I am speccing out a PC in full for the first time in years. The last one I did was 5 or 6 years ago. I am using that one now - though most components have been changed out at least once. My eldest lad wants me to build him a new decent gaming PC. He wants it yesterday. Sigh. So I'm having to get to grips with all the new technologies all at once before yesterday.

I am looking at RAM, and have kind of settled on Ballistix 2GB Kit "BL2KIT12864AA804" at a price from Crucial of 238.51 GBP inclusive of taxes and delivery. However its out of stock and won't be back in till maybe early January next year in the UK. Can't wait that long or my youngster might explode. The specification and cost may be a little over the top for what I want but I believe in paying a bit extra for memory in exchange for stability long term.

I could buy immediately a 2GB kit from Crucial "CT2KIT12864AA80E". The cost of this one is £209.14 including delivery and taxes.

This memory is going on a MSI P965 Platinum board which I already have. The processor will be a 6600. There will be no overclocking. SLI won't be needed. I am looking at DDR2 PC-6400 memory.

What are the implications to me of these differences in the spec for the two sets of memory please.
1) 1.8v vs 2.2v
2) CL=5 vs 4-4-4-12
3) <Nothing> vs SLI Ready (Does this actually mean anything or is it marketing-speak)
4) Heat spreader vs No heat Spreader.


Thanks in advance to anyone taking time out to answer.


 
Originally posted by: oynaz
If you do not plan on overclocking, any memory will do. So don't worry about it.

exactly

1. higher voltage often increases stability during overclocks, for non overclocking stability is the same.
2. Under .1% difference in speed
3. Marketing
4. might improve stable overclock of memory by a few Mhz, for standard use no difference
 
Baring events like lightning strikes or like system shattering events, memory comes from the factory as good or with a defect(s) somewhere. Which is why you should run something like memtest86 on your ram immmediately after purchase---and if it passes memtest86--you know you have some good sticks of ram that should give you no trouble down the road.---and makes life easier if you find defects and have to return it for a refund.
 
Thanks people. I expected the answers you gave but just wanted to be sure.

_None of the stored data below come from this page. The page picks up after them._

(* Let $\mathcal{H}$ be an infinite, continuous index set of estimation tasks (with continuous estimates and errors), let $S_{\text{def}}$ be a random defining dataset with realization $s$, and for each $h\in\mathcal{H}$ let $\theta_h$ be an unknown target estimand, $\hat\theta_h=\hat\theta_h(s)$ an estimate computed from $S_{\text{def}}$, and $e_h=e_h(s)\in\mathbb{R}$ an error. Let $\mathcal{E}(s):=\{(h,\hat\theta_h(s),\theta_h,e_h(s)):h\in\mathcal{H}\}$, and given $S_{\text{def}}=s$ let $S_{\text{err}}$ be drawn from a distribution $\mathcal{D}$ (possibly depending on $s$). Suppose there are functions $\hat u(S_{\text{err}},h,\lambda)\in\mathbb{R}$ with $\Pr_{S_{\text{err}}\sim\mathcal{D}}(\hat u(S_{\text{err}},h,\lambda)\ge e_h\mid\mathcal{E}(s))\ge 1-\lambda$ for all $h\in\mathcal{H}$, $\lambda\in(0,1)$. Let $\hat\xi(S_{\text{err}},\delta):=\sup_{h\in\mathcal{H}}\hat u(S_{\text{err}},h,\delta)$. Then for any $\delta\in(0,1)$, $$\Pr_{S_{\text{err}}\sim\mathcal{D}}\Big(\hat\xi(S_{\text{err}},\delta)\ge\sup_{h\in\mathcal{H}}e_h\,\Big|\,\mathcal{E}(s)\Big)\ge 1-\delta\quad\text{and}\quad \Pr_{(S_{\text{def}},S_{\text{err}})}\Big(\hat\xi(S_{\text{err}},\delta)\ge\sup_{h\in\mathcal{H}}e_h\Big)\ge 1-\delta .$$
   Context: Conditioning on $\mathcal{E}(s)$ means conditioning on $S_{\text{def}}=s$, so estimates and errors are fixed with respect to the randomness of $S_{\text{err}}$; $S_{\text{err}}$ is not used to construct the estimates. *)

theory Defs
  imports "HOL-Probability.Probability"
begin

text \<open>The simultaneous upper bound: the supremum over all tasks of the
pointwise bounds (taken in the extended reals, so that an unbounded family
has supremum infinity).\<close>
definition xi_hat :: "'h set \<Rightarrow> ('w \<Rightarrow> 'h \<Rightarrow> real \<Rightarrow> real) \<Rightarrow> 'w \<Rightarrow> real \<Rightarrow> ereal" where
  "xi_hat H u w \<delta> = (SUP h\<in>H. ereal (u w h \<delta>))"

definition sup_err :: "'h set \<Rightarrow> ('s \<Rightarrow> 'h \<Rightarrow> real) \<Rightarrow> 's \<Rightarrow> ereal" where
  "sup_err H e s = (SUP h\<in>H. ereal (e s h))"

definition joint_law :: "'s measure \<Rightarrow> 'w measure \<Rightarrow> ('s \<Rightarrow> 'w measure) \<Rightarrow> ('s \<times> 'w) measure" where
  "joint_law P W D = P \<bind> (\<lambda>s. distr (D s) (P \<Otimes>\<^sub>M W) (\<lambda>w. (s, w)))"

end

theory Submission
  imports Defs
begin

text \<open>No union bound over the tasks is needed. Choose tasks \<open>h\<^sub>n\<close> whose errors increase to
  \<open>sup\<^sub>h e\<^sub>h\<close>. Every \<open>w\<close> lying in infinitely many of the events \<open>u(w, h\<^sub>n) \<ge> e(h\<^sub>n)\<close> satisfies
  \<open>sup\<^sub>h u(w, h) \<ge> sup\<^sub>h e\<^sub>h\<close>, and the limsup of events of probability at least \<open>1 - \<delta>\<close> has
  probability at least \<open>1 - \<delta>\<close>. Integrating this conditional bound against the law of the
  defining dataset gives the unconditional one.\<close>

lemma (in finite_measure) measure_limsup_ge:
  assumes A: "range A \<subseteq> sets M" and c: "\<And>n. c \<le> measure M (A n)"
  shows "c \<le> measure M (limsup A)"
proof -
  define C where "C n = (\<Union>m\<in>{n..}. A m)" for n
  have C_sets: "range C \<subseteq> sets M"
    using A by (auto simp: C_def)
  have "(\<lambda>n. measure M (C n)) \<longlonglongrightarrow> measure M (\<Inter>n. C n)"
    using C_sets by (intro finite_Lim_measure_decseq) (fastforce simp: C_def decseq_def intro: order_trans)+
  moreover have "c \<le> measure M (C n)" for n
    using c[of n] finite_measure_mono[of "A n" "C n"] C_sets by (force simp: C_def)
  ultimately have "c \<le> measure M (\<Inter>n. C n)"
    by (intro LIMSEQ_le_const) auto
  then show ?thesis
    by (simp add: limsup_INF_SUP C_def)
qed

lemma (in finite_measure) measure_SUP_le_SUP_ge:
  fixes e :: "'h \<Rightarrow> real" and u :: "'a \<Rightarrow> 'h \<Rightarrow> real"
  assumes H: "H \<noteq> {}"
    and sets_bound: "\<And>h. h \<in> H \<Longrightarrow> {x \<in> space M. e h \<le> u x h} \<in> sets M"
    and measure_bound: "\<And>h. h \<in> H \<Longrightarrow> c \<le> measure M {x \<in> space M. e h \<le> u x h}"
    and sets_SUP: "{x \<in> space M. (SUP h\<in>H. ereal (e h)) \<le> (SUP h\<in>H. ereal (u x h))} \<in> sets M"
  shows "c \<le> measure M {x \<in> space M. (SUP h\<in>H. ereal (e h)) \<le> (SUP h\<in>H. ereal (u x h))}"
    (is "_ \<le> measure M ?S")
proof -
  obtain f :: "nat \<Rightarrow> ereal" where f_inc: "incseq f"
    and f_range: "range f \<subseteq> (\<lambda>h. ereal (e h)) ` H" and f_SUP: "(SUP h\<in>H. ereal (e h)) = (SUP n. f n)"
    using Sup_countable_SUP[of "(\<lambda>h. ereal (e h)) ` H"] H by auto
  have "\<forall>n. \<exists>h\<in>H. f n = ereal (e h)"
    using f_range by auto
  then obtain t where t: "\<And>n. t n \<in> H" "\<And>n. f n = ereal (e (t n))"
    by metis
  define B where "B n = {x \<in> space M. e (t n) \<le> u x (t n)}" for n
  have "c \<le> measure M (limsup B)"
    using t(1) sets_bound measure_bound by (intro measure_limsup_ge) (auto simp: B_def)
  also have "\<dots> \<le> measure M ?S"
  proof (rule finite_measure_mono[OF _ sets_SUP], rule subsetI)
    fix x assume x: "x \<in> limsup B"
    have "f n \<le> (SUP h\<in>H. ereal (u x h))" for n
    proof -
      obtain m where "n \<le> m" "x \<in> B m"
        using x by (auto simp: limsup_INF_SUP)
      have "f n \<le> f m"
        using f_inc \<open>n \<le> m\<close> by (simp add: incseq_def)
      also have "\<dots> = ereal (e (t m))"
        by (rule t(2))
      also have "\<dots> \<le> ereal (u x (t m))"
        using \<open>x \<in> B m\<close> by (simp add: B_def)
      also have "\<dots> \<le> (SUP h\<in>H. ereal (u x h))"
        using t(1) by (rule SUP_upper)
      finally show ?thesis .
    qed
    moreover have "x \<in> space M"
      using x by (auto simp: limsup_INF_SUP B_def)
    ultimately show "x \<in> ?S"
      by (simp add: f_SUP SUP_least)
  qed
  finally show ?thesis .
qed

lemma measurable_Pair_kernel:
  assumes "D \<in> measurable P (subprob_algebra W)" and "s \<in> space P"
  shows "Pair s \<in> measurable (D s) (P \<Otimes>\<^sub>M W)"
  using assms(2) by (simp add: measurable_cong_sets[OF sets_kernel[OF assms] refl])

lemma measurable_joint_law_kernel:
  assumes "D \<in> measurable P (subprob_algebra W)"
  shows "(\<lambda>s. distr (D s) (P \<Otimes>\<^sub>M W) (Pair s)) \<in> measurable P (subprob_algebra (P \<Otimes>\<^sub>M W))"
  by (rule measurable_distr2[where f=Pair and M=W]) (simp_all add: assms)

lemma prob_space_joint_law:
  assumes "prob_space P" and "\<And>s. s \<in> space P \<Longrightarrow> prob_space (D s)"
    and D: "D \<in> measurable P (subprob_algebra W)"
  shows "prob_space (joint_law P W D)"
  unfolding joint_law_def
proof (rule prob_space.prob_space_bind[OF assms(1) _ measurable_joint_law_kernel[OF D]])
  show "AE s in P. prob_space (distr (D s) (P \<Otimes>\<^sub>M W) (Pair s))"
    using assms(2) measurable_Pair_kernel[OF D]
    by (intro AE_I2) (rule prob_space.prob_space_distr)
qed

lemma emeasure_joint_law:
  assumes "space P \<noteq> {}" and D: "D \<in> measurable P (subprob_algebra W)"
    and E: "E \<in> sets (P \<Otimes>\<^sub>M W)"
  shows "emeasure (joint_law P W D) E = (\<integral>\<^sup>+s. emeasure (D s) (Pair s -` E) \<partial>P)"
proof -
  have "emeasure (joint_law P W D) E = (\<integral>\<^sup>+s. emeasure (distr (D s) (P \<Otimes>\<^sub>M W) (Pair s)) E \<partial>P)"
    unfolding joint_law_def by (rule emeasure_bind[OF assms(1) measurable_joint_law_kernel[OF D] E])
  also have "\<dots> = (\<integral>\<^sup>+s. emeasure (D s) (Pair s -` E) \<partial>P)"
  proof (rule nn_integral_cong)
    fix s assume s: "s \<in> space P"
    have "space (D s) = space W"
      by (rule sets_eq_imp_space_eq[OF sets_kernel[OF D s]])
    then have "Pair s -` E \<inter> space (D s) = Pair s -` E"
      using sets.sets_into_space[OF E] by (auto simp: space_pair_measure)
    then show "emeasure (distr (D s) (P \<Otimes>\<^sub>M W) (Pair s)) E = emeasure (D s) (Pair s -` E)"
      by (simp add: emeasure_distr[OF measurable_Pair_kernel[OF D s] E])
  qed
  finally show ?thesis .
qed

lemma measure_joint_law_ge:
  assumes P: "prob_space P" and D_prob: "\<And>s. s \<in> space P \<Longrightarrow> prob_space (D s)"
    and D: "D \<in> measurable P (subprob_algebra W)" and E: "E \<in> sets (P \<Otimes>\<^sub>M W)"
    and c: "\<And>s. s \<in> space P \<Longrightarrow> c \<le> measure (D s) (Pair s -` E)"
  shows "c \<le> measure (joint_law P W D) E"
proof -
  interpret P: prob_space P by (rule P)
  interpret J: prob_space "joint_law P W D" by (rule prob_space_joint_law[OF P D_prob D])
  have "ennreal c = (\<integral>\<^sup>+s. ennreal c \<partial>P)"
    by (simp add: P.emeasure_space_1)
  also have "\<dots> \<le> (\<integral>\<^sup>+s. emeasure (D s) (Pair s -` E) \<partial>P)"
    using c D_prob by (intro nn_integral_mono) (simp add: finite_measure.emeasure_eq_measure[OF prob_space.finite_measure])
  also have "\<dots> = emeasure (joint_law P W D) E"
    by (rule emeasure_joint_law[OF P.not_empty D E, symmetric])
  also have "\<dots> = ennreal (measure (joint_law P W D) E)"
    by (rule J.emeasure_eq_measure)
  finally show ?thesis
    by simp
qed

theorem theoremD1:
  fixes P :: "'s measure" and W :: "'w measure" and D :: "'s \<Rightarrow> 'w measure"
    and H :: "'h set" and e :: "'s \<Rightarrow> 'h \<Rightarrow> real"
    and u :: "'w \<Rightarrow> 'h \<Rightarrow> real \<Rightarrow> real" and \<delta> :: real
  assumes P_prob: "prob_space P"
    and D_prob: "\<And>s. s \<in> space P \<Longrightarrow> prob_space (D s)"
    and D_sets: "\<And>s. s \<in> space P \<Longrightarrow> sets (D s) = sets W"
    and D_meas: "D \<in> measurable P (subprob_algebra W)"
    and H_inf: "infinite H"
    and u_meas: "\<And>s h lam. s \<in> space P \<Longrightarrow> h \<in> H \<Longrightarrow> lam \<in> {0<..<1} \<Longrightarrow>
        {w \<in> space W. u w h lam \<ge> e s h} \<in> sets W"
    and u_bound: "\<And>s h lam. s \<in> space P \<Longrightarrow> h \<in> H \<Longrightarrow> lam \<in> {0<..<1} \<Longrightarrow>
        measure (D s) {w \<in> space W. u w h lam \<ge> e s h} \<ge> 1 - lam"
    and ev_meas: "\<And>s. s \<in> space P \<Longrightarrow>
        {w \<in> space W. xi_hat H u w \<delta> \<ge> sup_err H e s} \<in> sets W"
    and ev_joint_meas: "{(s, w) \<in> space (P \<Otimes>\<^sub>M W). xi_hat H u w \<delta> \<ge> sup_err H e s}
        \<in> sets (P \<Otimes>\<^sub>M W)"
    and \<delta>: "\<delta> \<in> {0<..<1}"
  shows "(\<forall>s \<in> space P. measure (D s) {w \<in> space W. xi_hat H u w \<delta> \<ge> sup_err H e s} \<ge> 1 - \<delta>)
    \<and> measure (joint_law P W D)
        {(s, w) \<in> space (P \<Otimes>\<^sub>M W). xi_hat H u w \<delta> \<ge> sup_err H e s} \<ge> 1 - \<delta>"
proof -
  have H: "H \<noteq> {}"
    using H_inf by auto
  have conditional: "1 - \<delta> \<le> measure (D s) {w \<in> space W. xi_hat H u w \<delta> \<ge> sup_err H e s}"
    if s: "s \<in> space P" for s
  proof -
    interpret prob_space "D s" by (rule D_prob[OF s])
    have "space (D s) = space W"
      by (rule sets_eq_imp_space_eq[OF D_sets[OF s]])
    then show ?thesis
      using measure_SUP_le_SUP_ge[of H "e s" "\<lambda>w h. u w h \<delta>" "1 - \<delta>"]
        H u_meas[OF s _ \<delta>] u_bound[OF s _ \<delta>] ev_meas[OF s] D_sets[OF s]
      by (simp add: xi_hat_def sup_err_def)
  qed
  moreover have "1 - \<delta> \<le> measure (joint_law P W D)
      {(s, w) \<in> space (P \<Otimes>\<^sub>M W). xi_hat H u w \<delta> \<ge> sup_err H e s}"
    using conditional
    by (intro measure_joint_law_ge[OF P_prob D_prob D_meas ev_joint_meas])
      (simp_all add: space_pair_measure vimage_def)
  ultimately show ?thesis
    by blast
qed

end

On the question of RAM and factories - do they do any kind of testing at the factory. I would expect cheap stuff to be shipped out with only a few tests per batch but at £50.00 per GB I would expect each item to be tested before despatch. Or am I being too sweet and innocent?
 
Crucial is fantastically reliable. I use them for my PC and we order their RAM for anything we use in work (civil service IT dept, over 3000 machines) and we've yet to have an arbitrarily malfunctioning piece of RAM. They deliver next day (in fact in less that 24 hours last time I ordered) at a decent price and with a lifetime warranty. I don't know it they test each actual stick before they send it out but if you choose your RAM with the memory suggester thing for your motherboard they'll garuantee it'll work with it.
 
Originally posted by: Roguestar
Crucial is fantastically reliable. I use them for my PC and we order their RAM for anything we use in work (civil service IT dept, over 3000 machines) and we've yet to have an arbitrarily malfunctioning piece of RAM. They deliver next day (in fact in less that 24 hours last time I ordered) at a decent price and with a lifetime warranty. I don't know it they test each actual stick before they send it out but if you choose your RAM with the memory suggester thing for your motherboard they'll garuantee it'll work with it.

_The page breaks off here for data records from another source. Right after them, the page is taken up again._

lemma conjugate_in_arrangements:
  assumes xs: "xs \<in> arrangements n"
  shows "conjugate \<sigma> xs \<in> arrangements n"
proof -
  have l: "length xs = n" and d: "distinct xs"
    using xs length_arrangement by (auto simp: arrangements_def)
  have "distinct (conjugate \<sigma> xs)"
  proof (rule distinct_conv_nth[THEN iffD2], intro allI impI)
    fix a b assume ab: "a < length (conjugate \<sigma> xs)" "b < length (conjugate \<sigma> xs)" "a \<noteq> b"
    then have "\<sigma> (Suc a) \<noteq> \<sigma> (Suc b)" using involutive[of "Suc a"] by force
    moreover have "\<sigma> (Suc a) - 1 < n" "\<sigma> (Suc b) - 1 < n"
      "Suc (\<sigma> (Suc a) - 1) = \<sigma> (Suc a)" "Suc (\<sigma> (Suc b) - 1) = \<sigma> (Suc b)"
      using ab l conjugate_index_bounds[of a] conjugate_index_bounds[of b] by auto
    ultimately have "xs ! (\<sigma> (Suc a) - 1) \<noteq> xs ! (\<sigma> (Suc b) - 1)"
      using d l by (simp add: nth_eq_iff_index_eq)
    then show "conjugate \<sigma> xs ! a \<noteq> conjugate \<sigma> xs ! b"
      using ab l by (simp add: nth_conjugate) (metis involutive)
  qed
  moreover have "set (conjugate \<sigma> xs) \<subseteq> {1..n}"
  proof
    fix y assume "y \<in> set (conjugate \<sigma> xs)"
    then obtain t where t: "t < n" "y = conjugate \<sigma> xs ! t" using l by (auto simp: in_set_conv_nth)
    then have "xs ! (\<sigma> (Suc t) - 1) \<in> {1..n}" using conjugate_index_bounds[OF t(1)] nth_arrangement[OF xs] by blast
    then show "y \<in> {1..n}" using t l maps_interval by (simp add: nth_conjugate)
  qed
  moreover have "card (set (conjugate \<sigma> xs)) = card {1..n}"
    using distinct_card[OF \<open>distinct (conjugate \<sigma> xs)\<close>] l by simp
  ultimately have "set (conjugate \<sigma> xs) = {1..n}" by (simp add: card_subset_eq)
  with \<open>distinct (conjugate \<sigma> xs)\<close> show ?thesis by (simp add: arrangements_def)
qed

I would agree, Crucial is really great about quality control and compatibility - I've yet to have a stick that won't work. Same with Corsair. G.Skill on the other hand...
 
I use corsair "value ram" ($99 per 1GB stick) and I overclocked my core 2 duo by almost an extra 1.5ghz and they have me no problem. Kingston's value ram sucks complete ass though, even though its about the same price.